■ Assignment: Retype the entries. Match them exactly.

[Collected data entries]
theorem lemma3p4:
  fixes f :: "padic2 poly" and n k :: nat and x :: "nat \<Rightarrow> int" and X :: "nat \<Rightarrow> padic2"
  assumes "n \<ge> 2"
    and "is_cycle f n k x"
    and "grows f n k x"
    and "\<forall>i<k. res2 n (X i) = x i"
  shows "\<forall>i<k. \<forall>t\<in>{0::nat, 1}.
    (let a_n = (\<lambda>z. poly (fderiv (piter f k)) z);
         b_n = (\<lambda>z. div2pow (poly (piter f k) z - z) n);
         a_n1 = (\<lambda>z. poly (fderiv (piter f (2 * k))) z);
         b_n1 = (\<lambda>z. div2pow (poly (piter f (2 * k)) z - z) (Suc n))
     in (4 dvd (a_n1 (X i) - 1)) \<and>
        (4 dvd (2 * b_n1 (X i + 2 ^ n * of_nat t) - b_n (X i) * (1 + a_n (X i)))))"
proof (intro allI impI ballI)
  fix i t
  assume "i < k"
  define p where "p = piter f k"
  have on_cycle: "res2 n (X i) = x i" using assms(4) \<open>i < k\<close> by simp
  have "res2 n (X i + 2 ^ n) = res2 n (X i)"
    unfolding two_power_dvd_diff_iff[symmetric] by simp
  then have lift_on_cycle: "res2 n (X i + 2 ^ n) = x i" using on_cycle by simp
  have returns: "2 ^ n dvd poly p (X i) - X i"
    unfolding p_def using assms(2) \<open>i < k\<close> on_cycle by (rule cycle_point_returns)
  have odd: "2 dvd poly (fderiv p) (X i) - 1"
  proof (rule fderiv_odd_if_lifts_not_fixed[OF _ returns])
    show "1 \<le> n" using assms(1) by simp
    show "\<not> 2 ^ Suc n dvd poly p (X i) - X i"
      unfolding p_def using assms(2,3) \<open>i < k\<close> on_cycle by (rule growing_cycle_no_fixed_lift)
    show "\<not> 2 ^ Suc n dvd poly p (X i + 2 ^ n) - (X i + 2 ^ n)"
      unfolding p_def using assms(2,3) \<open>i < k\<close> lift_on_cycle by (rule growing_cycle_no_fixed_lift)
  qed
  have "(4::padic2) dvd 2 ^ n" using le_imp_power_dvd[OF assms(1), of 2] by simp
  then have "4 dvd poly p (X i) - X i" using returns by (rule dvd_trans)
  then have "4 dvd poly (fderiv (pcompose p p)) (X i) - 1"
    using odd by (rule fderiv_second_iterate_cong_1)
  moreover have "piter f (2 * k) = pcompose p p" by (simp add: p_def mult_2 piter_add)
  moreover note second_iterate_displacement_cong[OF assms(1) returns odd, of "of_nat t"]
  ultimately show "let a_n = (\<lambda>z. poly (fderiv (piter f k)) z);
         b_n = (\<lambda>z. div2pow (poly (piter f k) z - z) n);
         a_n1 = (\<lambda>z. poly (fderiv (piter f (2 * k))) z);
         b_n1 = (\<lambda>z. div2pow (poly (piter f (2 * k)) z - z) (Suc n))
     in (4 dvd (a_n1 (X i) - 1)) \<and>
        (4 dvd (2 * b_n1 (X i + 2 ^ n * of_nat t) - b_n (X i) * (1 + a_n (X i))))"
    unfolding Let_def p_def[symmetric] by (simp only: poly_pcompose)
qed

end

■ Solution to this problem:
theorem lemma3p4:
  fixes f :: "padic2 poly" and n k :: nat and x :: "nat \<Rightarrow> int" and X :: "nat \<Rightarrow> padic2"
  assumes "n \<ge> 2"
    and "is_cycle f n k x"
    and "grows f n k x"
    and "\<forall>i<k. res2 n (X i) = x i"
  shows "\<forall>i<k. \<forall>t\<in>{0::nat, 1}.
    (let a_n = (\<lambda>z. poly (fderiv (piter f k)) z);
         b_n = (\<lambda>z. div2pow (poly (piter f k) z - z) n);
         a_n1 = (\<lambda>z. poly (fderiv (piter f (2 * k))) z);
         b_n1 = (\<lambda>z. div2pow (poly (piter f (2 * k)) z - z) (Suc n))
     in (4 dvd (a_n1 (X i) - 1)) \<and>
        (4 dvd (2 * b_n1 (X i + 2 ^ n * of_nat t) - b_n (X i) * (1 + a_n (X i)))))"
proof (intro allI impI ballI)
  fix i t
  assume "i < k"
  define p where "p = piter f k"
  have on_cycle: "res2 n (X i) = x i" using assms(4) \<open>i < k\<close> by simp
  have "res2 n (X i + 2 ^ n) = res2 n (X i)"
    unfolding two_power_dvd_diff_iff[symmetric] by simp
  then have lift_on_cycle: "res2 n (X i + 2 ^ n) = x i" using on_cycle by simp
  have returns: "2 ^ n dvd poly p (X i) - X i"
    unfolding p_def using assms(2) \<open>i < k\<close> on_cycle by (rule cycle_point_returns)
  have odd: "2 dvd poly (fderiv p) (X i) - 1"
  proof (rule fderiv_odd_if_lifts_not_fixed[OF _ returns])
    show "1 \<le> n" using assms(1) by simp
    show "\<not> 2 ^ Suc n dvd poly p (X i) - X i"
      unfolding p_def using assms(2,3) \<open>i < k\<close> on_cycle by (rule growing_cycle_no_fixed_lift)
    show "\<not> 2 ^ Suc n dvd poly p (X i + 2 ^ n) - (X i + 2 ^ n)"
      unfolding p_def using assms(2,3) \<open>i < k\<close> lift_on_cycle by (rule growing_cycle_no_fixed_lift)
  qed
  have "(4::padic2) dvd 2 ^ n" using le_imp_power_dvd[OF assms(1), of 2] by simp
  then have "4 dvd poly p (X i) - X i" using returns by (rule dvd_trans)
  then have "4 dvd poly (fderiv (pcompose p p)) (X i) - 1"
    using odd by (rule fderiv_second_iterate_cong_1)
  moreover have "piter f (2 * k) = pcompose p p" by (simp add: p_def mult_2 piter_add)
  moreover note second_iterate_displacement_cong[OF assms(1) returns odd, of "of_nat t"]
  ultimately show "let a_n = (\<lambda>z. poly (fderiv (piter f k)) z);
         b_n = (\<lambda>z. div2pow (poly (piter f k) z - z) n);
         a_n1 = (\<lambda>z. poly (fderiv (piter f (2 * k))) z);
         b_n1 = (\<lambda>z. div2pow (poly (piter f (2 * k)) z - z) (Suc n))
     in (4 dvd (a_n1 (X i) - 1)) \<and>
        (4 dvd (2 * b_n1 (X i + 2 ^ n * of_nat t) - b_n (X i) * (1 + a_n (X i))))"
    unfolding Let_def p_def[symmetric] by (simp only: poly_pcompose)
qed

end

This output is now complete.